◆ Brief ◆
Reproduce each line of the entries that carries "generated".
*** Exercise inputs ***
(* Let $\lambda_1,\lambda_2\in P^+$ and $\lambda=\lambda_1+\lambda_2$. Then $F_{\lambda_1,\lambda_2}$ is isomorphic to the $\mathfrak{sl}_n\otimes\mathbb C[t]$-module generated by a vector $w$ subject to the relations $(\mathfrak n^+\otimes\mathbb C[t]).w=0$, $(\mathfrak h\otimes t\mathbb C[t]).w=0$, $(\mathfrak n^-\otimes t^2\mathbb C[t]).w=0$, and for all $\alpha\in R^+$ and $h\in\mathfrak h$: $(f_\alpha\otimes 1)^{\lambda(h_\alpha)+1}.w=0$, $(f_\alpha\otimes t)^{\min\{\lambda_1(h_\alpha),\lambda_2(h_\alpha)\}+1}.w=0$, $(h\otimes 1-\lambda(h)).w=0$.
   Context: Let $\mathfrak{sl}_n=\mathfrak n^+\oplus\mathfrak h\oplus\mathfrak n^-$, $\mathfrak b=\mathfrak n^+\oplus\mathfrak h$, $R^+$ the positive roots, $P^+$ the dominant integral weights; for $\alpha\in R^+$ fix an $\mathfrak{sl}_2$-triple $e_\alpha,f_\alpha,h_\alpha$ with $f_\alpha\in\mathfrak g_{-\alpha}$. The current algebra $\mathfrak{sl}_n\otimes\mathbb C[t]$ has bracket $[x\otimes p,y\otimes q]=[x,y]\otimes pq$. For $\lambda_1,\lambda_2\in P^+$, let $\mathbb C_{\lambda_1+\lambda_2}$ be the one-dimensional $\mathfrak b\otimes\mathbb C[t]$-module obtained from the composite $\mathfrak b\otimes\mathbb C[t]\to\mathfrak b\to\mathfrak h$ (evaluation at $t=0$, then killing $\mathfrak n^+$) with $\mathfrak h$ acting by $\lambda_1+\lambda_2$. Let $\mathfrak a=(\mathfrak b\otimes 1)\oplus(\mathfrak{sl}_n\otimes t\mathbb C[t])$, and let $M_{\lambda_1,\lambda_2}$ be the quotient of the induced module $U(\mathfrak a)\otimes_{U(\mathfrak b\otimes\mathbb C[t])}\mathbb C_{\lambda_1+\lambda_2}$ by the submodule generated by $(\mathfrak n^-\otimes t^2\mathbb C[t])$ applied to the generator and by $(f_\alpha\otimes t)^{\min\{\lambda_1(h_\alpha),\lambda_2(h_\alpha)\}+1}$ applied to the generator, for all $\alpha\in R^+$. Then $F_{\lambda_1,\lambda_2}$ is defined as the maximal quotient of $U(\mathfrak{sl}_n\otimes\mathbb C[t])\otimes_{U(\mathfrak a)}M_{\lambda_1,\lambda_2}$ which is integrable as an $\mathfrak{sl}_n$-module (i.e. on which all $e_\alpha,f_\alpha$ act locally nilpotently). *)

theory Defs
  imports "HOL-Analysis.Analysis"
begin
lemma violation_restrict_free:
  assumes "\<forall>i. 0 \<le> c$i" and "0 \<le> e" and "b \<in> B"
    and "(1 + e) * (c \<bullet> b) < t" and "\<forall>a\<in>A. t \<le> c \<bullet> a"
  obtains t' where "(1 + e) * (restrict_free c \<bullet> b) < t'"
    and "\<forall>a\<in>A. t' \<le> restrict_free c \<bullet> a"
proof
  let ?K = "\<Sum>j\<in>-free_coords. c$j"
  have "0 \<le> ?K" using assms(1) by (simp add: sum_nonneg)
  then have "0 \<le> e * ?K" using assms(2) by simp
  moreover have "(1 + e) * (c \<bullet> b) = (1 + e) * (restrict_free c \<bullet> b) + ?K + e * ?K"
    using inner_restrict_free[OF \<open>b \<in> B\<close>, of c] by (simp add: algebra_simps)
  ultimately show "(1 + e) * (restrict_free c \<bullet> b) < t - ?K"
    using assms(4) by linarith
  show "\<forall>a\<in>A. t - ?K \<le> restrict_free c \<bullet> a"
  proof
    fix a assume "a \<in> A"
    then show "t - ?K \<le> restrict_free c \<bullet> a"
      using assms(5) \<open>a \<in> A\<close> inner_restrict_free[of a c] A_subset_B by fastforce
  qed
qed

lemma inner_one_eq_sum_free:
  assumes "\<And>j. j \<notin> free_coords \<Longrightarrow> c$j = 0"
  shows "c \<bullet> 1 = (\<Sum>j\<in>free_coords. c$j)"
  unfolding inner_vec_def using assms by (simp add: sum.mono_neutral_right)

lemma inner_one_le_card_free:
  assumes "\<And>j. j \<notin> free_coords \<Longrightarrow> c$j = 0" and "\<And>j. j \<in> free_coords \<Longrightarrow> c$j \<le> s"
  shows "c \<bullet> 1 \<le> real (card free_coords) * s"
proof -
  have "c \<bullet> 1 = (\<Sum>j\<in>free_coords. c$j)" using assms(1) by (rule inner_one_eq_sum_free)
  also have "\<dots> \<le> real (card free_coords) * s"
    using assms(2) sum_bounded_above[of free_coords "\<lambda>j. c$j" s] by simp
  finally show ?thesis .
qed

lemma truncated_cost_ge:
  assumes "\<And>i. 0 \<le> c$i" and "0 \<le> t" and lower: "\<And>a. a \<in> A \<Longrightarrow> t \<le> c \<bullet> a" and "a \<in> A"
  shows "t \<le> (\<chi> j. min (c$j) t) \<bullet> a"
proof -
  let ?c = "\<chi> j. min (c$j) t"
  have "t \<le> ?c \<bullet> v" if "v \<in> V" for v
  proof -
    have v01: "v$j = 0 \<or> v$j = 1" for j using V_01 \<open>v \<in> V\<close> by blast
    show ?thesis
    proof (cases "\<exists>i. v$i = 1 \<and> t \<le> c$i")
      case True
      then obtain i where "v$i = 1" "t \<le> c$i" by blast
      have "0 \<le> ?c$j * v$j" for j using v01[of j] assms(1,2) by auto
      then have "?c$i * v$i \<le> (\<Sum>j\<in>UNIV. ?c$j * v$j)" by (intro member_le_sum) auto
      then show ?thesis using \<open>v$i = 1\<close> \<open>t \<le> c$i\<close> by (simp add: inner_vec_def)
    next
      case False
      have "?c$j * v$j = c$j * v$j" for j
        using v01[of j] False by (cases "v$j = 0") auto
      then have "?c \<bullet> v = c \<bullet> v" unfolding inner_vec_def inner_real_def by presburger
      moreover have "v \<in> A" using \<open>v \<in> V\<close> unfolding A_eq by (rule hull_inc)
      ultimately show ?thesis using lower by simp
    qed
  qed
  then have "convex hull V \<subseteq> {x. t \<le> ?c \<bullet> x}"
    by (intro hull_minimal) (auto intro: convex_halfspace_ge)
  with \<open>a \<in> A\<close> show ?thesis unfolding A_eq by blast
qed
*** End of Exercise inputs ***
*** Exercise inputs ***
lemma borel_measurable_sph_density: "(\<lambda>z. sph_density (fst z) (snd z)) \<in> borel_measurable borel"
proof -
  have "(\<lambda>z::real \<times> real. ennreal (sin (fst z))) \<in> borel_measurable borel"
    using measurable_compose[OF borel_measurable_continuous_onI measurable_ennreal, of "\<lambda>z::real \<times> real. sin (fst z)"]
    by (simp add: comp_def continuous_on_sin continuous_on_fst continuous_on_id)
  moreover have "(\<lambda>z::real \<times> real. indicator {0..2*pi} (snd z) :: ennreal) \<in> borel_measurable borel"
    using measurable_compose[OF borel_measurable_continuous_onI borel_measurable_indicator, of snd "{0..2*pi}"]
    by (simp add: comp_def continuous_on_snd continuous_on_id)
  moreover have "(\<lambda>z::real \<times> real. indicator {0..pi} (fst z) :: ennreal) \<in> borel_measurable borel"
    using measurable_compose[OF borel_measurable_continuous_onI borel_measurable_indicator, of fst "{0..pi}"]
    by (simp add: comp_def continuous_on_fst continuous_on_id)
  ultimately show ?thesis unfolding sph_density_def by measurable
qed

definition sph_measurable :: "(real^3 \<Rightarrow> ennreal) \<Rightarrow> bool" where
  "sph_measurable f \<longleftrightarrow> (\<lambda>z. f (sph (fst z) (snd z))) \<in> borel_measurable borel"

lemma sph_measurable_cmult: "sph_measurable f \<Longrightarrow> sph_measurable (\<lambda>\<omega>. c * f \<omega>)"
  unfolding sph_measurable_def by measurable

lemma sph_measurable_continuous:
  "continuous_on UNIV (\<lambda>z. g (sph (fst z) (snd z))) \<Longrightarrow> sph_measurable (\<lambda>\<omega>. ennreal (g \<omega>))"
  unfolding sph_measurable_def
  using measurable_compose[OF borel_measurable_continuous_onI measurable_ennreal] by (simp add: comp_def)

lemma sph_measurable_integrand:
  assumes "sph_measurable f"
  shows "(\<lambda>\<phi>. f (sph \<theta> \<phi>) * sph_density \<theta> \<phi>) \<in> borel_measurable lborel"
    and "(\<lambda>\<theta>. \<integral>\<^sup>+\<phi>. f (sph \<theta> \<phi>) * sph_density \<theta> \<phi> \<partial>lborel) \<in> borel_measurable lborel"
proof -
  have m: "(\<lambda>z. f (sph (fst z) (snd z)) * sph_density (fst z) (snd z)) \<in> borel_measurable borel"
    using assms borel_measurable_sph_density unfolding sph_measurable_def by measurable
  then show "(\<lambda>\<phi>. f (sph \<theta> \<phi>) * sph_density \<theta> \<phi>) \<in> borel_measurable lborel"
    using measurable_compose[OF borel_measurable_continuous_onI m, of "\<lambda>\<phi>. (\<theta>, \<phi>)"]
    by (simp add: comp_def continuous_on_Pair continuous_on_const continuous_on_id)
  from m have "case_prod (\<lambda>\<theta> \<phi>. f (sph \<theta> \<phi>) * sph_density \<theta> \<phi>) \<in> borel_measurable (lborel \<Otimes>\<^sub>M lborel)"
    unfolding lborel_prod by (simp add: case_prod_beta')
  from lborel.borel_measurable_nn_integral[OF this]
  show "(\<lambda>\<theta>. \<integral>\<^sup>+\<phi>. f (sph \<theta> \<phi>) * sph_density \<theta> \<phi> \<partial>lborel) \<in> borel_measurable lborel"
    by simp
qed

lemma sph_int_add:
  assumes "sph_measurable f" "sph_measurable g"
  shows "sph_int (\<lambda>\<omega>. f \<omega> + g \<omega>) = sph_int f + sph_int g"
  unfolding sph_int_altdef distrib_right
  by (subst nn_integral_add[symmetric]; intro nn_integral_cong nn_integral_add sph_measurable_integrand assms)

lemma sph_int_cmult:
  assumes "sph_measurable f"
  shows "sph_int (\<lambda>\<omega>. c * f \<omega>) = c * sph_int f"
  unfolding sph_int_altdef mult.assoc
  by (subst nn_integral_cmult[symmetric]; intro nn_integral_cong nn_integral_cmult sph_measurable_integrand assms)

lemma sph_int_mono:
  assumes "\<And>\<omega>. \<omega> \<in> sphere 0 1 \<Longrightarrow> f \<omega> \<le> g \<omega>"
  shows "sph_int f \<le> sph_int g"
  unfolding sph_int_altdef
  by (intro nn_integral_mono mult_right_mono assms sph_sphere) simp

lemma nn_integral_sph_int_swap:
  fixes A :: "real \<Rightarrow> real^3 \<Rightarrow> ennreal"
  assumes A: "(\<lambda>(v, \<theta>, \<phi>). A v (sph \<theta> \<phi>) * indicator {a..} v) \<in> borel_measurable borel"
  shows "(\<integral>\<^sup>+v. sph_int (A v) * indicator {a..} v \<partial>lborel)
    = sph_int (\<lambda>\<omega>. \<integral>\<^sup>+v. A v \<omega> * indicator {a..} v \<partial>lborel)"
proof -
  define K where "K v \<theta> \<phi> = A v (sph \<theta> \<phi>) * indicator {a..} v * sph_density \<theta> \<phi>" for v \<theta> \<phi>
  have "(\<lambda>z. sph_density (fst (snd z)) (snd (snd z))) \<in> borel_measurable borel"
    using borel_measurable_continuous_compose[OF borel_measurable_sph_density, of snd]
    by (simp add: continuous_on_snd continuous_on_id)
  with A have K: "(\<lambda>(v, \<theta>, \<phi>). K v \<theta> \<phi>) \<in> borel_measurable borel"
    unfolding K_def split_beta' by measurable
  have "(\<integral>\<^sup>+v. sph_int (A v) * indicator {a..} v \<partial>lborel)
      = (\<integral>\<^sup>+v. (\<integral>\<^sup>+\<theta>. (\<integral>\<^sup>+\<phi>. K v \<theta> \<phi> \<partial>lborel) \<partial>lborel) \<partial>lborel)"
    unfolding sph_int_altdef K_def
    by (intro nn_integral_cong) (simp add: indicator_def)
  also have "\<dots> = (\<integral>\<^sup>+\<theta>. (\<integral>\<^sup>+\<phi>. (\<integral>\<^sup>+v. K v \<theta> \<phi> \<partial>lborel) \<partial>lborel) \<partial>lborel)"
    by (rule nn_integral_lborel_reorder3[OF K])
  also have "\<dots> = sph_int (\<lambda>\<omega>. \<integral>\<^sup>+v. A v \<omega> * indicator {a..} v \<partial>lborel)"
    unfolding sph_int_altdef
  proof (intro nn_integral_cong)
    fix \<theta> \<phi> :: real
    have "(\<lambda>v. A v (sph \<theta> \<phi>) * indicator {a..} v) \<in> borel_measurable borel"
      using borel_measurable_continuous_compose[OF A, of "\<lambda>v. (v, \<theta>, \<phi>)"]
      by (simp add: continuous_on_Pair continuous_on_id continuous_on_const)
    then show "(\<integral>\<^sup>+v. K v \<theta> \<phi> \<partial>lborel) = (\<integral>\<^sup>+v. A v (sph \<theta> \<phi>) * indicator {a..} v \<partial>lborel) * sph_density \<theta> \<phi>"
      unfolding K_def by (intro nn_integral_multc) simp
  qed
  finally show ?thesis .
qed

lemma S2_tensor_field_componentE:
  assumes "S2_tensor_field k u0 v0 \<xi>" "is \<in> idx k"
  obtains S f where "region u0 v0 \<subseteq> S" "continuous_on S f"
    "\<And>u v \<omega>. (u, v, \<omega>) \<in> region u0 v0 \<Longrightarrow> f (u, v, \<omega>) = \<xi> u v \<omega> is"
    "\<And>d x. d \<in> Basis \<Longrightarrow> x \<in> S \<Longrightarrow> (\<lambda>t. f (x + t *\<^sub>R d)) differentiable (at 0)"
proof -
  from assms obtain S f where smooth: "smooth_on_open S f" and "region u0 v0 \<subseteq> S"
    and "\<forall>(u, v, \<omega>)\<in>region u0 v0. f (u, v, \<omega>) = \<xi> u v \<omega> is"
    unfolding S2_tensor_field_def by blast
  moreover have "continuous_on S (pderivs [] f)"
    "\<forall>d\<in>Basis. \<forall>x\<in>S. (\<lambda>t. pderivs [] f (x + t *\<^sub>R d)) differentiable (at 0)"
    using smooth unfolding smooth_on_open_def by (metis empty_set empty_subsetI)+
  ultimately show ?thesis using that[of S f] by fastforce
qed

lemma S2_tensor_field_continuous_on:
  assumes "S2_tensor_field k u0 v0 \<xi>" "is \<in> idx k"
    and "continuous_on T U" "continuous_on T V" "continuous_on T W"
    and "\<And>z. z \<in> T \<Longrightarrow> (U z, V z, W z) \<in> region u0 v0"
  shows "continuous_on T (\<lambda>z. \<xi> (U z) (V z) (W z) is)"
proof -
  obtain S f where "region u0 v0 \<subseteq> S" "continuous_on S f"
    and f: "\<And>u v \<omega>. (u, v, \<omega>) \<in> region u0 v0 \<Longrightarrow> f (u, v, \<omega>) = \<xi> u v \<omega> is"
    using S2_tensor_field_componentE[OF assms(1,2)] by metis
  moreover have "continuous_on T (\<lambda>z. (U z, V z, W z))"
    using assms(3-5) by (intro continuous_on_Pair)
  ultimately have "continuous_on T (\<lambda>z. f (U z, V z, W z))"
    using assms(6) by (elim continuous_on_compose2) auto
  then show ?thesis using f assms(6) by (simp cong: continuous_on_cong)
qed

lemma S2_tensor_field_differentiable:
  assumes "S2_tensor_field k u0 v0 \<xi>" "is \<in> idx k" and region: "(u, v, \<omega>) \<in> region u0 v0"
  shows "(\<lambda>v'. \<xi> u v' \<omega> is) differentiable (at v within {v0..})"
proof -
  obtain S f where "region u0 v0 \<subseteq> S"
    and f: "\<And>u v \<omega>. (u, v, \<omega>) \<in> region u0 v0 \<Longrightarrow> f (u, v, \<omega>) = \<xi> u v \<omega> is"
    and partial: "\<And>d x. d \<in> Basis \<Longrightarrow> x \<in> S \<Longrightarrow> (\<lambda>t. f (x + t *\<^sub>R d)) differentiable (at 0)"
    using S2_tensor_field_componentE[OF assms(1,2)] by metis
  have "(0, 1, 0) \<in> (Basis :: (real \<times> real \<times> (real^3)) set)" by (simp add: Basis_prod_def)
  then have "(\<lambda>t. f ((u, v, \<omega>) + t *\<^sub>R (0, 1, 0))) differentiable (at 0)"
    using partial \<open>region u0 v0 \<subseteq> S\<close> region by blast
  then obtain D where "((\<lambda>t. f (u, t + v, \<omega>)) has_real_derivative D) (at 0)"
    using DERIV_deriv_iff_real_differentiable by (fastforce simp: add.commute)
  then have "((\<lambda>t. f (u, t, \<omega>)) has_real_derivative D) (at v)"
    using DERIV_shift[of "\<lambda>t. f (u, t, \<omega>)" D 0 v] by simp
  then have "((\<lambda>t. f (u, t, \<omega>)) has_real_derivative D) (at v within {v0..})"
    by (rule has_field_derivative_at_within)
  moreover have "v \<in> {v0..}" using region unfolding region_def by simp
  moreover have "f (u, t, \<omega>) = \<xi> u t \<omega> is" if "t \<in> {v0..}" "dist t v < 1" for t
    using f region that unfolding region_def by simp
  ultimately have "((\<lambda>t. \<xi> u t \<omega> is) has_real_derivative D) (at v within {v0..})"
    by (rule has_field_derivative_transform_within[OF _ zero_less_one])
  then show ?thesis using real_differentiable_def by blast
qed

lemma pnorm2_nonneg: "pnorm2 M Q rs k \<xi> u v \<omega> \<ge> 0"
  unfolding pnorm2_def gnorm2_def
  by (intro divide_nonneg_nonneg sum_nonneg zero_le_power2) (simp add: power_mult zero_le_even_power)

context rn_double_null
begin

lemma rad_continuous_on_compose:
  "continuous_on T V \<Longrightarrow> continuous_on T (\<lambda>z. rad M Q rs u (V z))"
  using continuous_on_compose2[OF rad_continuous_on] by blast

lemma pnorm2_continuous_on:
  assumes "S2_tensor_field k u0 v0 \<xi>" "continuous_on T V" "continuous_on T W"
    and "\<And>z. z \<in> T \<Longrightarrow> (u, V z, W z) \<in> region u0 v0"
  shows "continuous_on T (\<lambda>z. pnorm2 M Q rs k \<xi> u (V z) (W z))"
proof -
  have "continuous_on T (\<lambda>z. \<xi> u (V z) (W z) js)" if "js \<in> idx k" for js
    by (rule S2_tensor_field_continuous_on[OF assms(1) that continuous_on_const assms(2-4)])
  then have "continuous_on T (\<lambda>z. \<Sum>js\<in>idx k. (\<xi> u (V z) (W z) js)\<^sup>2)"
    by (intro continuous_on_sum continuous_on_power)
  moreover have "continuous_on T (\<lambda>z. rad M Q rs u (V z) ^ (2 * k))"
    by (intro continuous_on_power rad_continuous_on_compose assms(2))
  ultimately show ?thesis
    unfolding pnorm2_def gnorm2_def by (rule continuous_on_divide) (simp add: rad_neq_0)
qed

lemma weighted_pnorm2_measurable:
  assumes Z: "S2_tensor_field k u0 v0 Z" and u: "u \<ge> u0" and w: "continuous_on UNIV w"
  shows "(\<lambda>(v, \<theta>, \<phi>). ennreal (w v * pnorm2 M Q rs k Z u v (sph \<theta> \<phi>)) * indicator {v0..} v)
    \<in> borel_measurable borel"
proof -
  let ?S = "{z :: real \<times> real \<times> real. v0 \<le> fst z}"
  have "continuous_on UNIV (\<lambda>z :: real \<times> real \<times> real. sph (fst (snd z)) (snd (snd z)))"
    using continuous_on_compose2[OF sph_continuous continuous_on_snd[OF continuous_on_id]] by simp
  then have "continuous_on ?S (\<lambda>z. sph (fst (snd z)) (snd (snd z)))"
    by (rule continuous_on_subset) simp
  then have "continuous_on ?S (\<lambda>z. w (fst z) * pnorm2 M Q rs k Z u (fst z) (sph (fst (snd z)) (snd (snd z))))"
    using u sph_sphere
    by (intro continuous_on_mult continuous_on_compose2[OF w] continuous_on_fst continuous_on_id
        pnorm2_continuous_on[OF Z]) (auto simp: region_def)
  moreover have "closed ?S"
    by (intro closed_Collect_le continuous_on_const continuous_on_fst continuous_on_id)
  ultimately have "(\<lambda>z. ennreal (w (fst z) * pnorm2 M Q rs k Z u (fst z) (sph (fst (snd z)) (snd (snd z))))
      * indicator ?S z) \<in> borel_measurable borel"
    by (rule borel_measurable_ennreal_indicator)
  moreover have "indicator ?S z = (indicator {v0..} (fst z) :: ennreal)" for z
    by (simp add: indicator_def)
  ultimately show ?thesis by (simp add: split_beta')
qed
*** End of Exercise inputs ***
◆ Result of the exercise ◆
(* Let $\lambda_1,\lambda_2\in P^+$ and $\lambda=\lambda_1+\lambda_2$. Then $F_{\lambda_1,\lambda_2}$ is isomorphic to the $\mathfrak{sl}_n\otimes\mathbb C[t]$-module generated by a vector $w$ subject to the relations $(\mathfrak n^+\otimes\mathbb C[t]).w=0$, $(\mathfrak h\otimes t\mathbb C[t]).w=0$, $(\mathfrak n^-\otimes t^2\mathbb C[t]).w=0$, and for all $\alpha\in R^+$ and $h\in\mathfrak h$: $(f_\alpha\otimes 1)^{\lambda(h_\alpha)+1}.w=0$, $(f_\alpha\otimes t)^{\min\{\lambda_1(h_\alpha),\lambda_2(h_\alpha)\}+1}.w=0$, $(h\otimes 1-\lambda(h)).w=0$.
   Context: Let $\mathfrak{sl}_n=\mathfrak n^+\oplus\mathfrak h\oplus\mathfrak n^-$, $\mathfrak b=\mathfrak n^+\oplus\mathfrak h$, $R^+$ the positive roots, $P^+$ the dominant integral weights; for $\alpha\in R^+$ fix an $\mathfrak{sl}_2$-triple $e_\alpha,f_\alpha,h_\alpha$ with $f_\alpha\in\mathfrak g_{-\alpha}$. The current algebra $\mathfrak{sl}_n\otimes\mathbb C[t]$ has bracket $[x\otimes p,y\otimes q]=[x,y]\otimes pq$. For $\lambda_1,\lambda_2\in P^+$, let $\mathbb C_{\lambda_1+\lambda_2}$ be the one-dimensional $\mathfrak b\otimes\mathbb C[t]$-module obtained from the composite $\mathfrak b\otimes\mathbb C[t]\to\mathfrak b\to\mathfrak h$ (evaluation at $t=0$, then killing $\mathfrak n^+$) with $\mathfrak h$ acting by $\lambda_1+\lambda_2$. Let $\mathfrak a=(\mathfrak b\otimes 1)\oplus(\mathfrak{sl}_n\otimes t\mathbb C[t])$, and let $M_{\lambda_1,\lambda_2}$ be the quotient of the induced module $U(\mathfrak a)\otimes_{U(\mathfrak b\otimes\mathbb C[t])}\mathbb C_{\lambda_1+\lambda_2}$ by the submodule generated by $(\mathfrak n^-\otimes t^2\mathbb C[t])$ applied to the generator and by $(f_\alpha\otimes t)^{\min\{\lambda_1(h_\alpha),\lambda_2(h_\alpha)\}+1}$ applied to the generator, for all $\alpha\in R^+$. Then $F_{\lambda_1,\lambda_2}$ is defined as the maximal quotient of $U(\mathfrak{sl}_n\otimes\mathbb C[t])\otimes_{U(\mathfrak a)}M_{\lambda_1,\lambda_2}$ which is integrable as an $\mathfrak{sl}_n$-module (i.e. on which all $e_\alpha,f_\alpha$ act locally nilpotently). *)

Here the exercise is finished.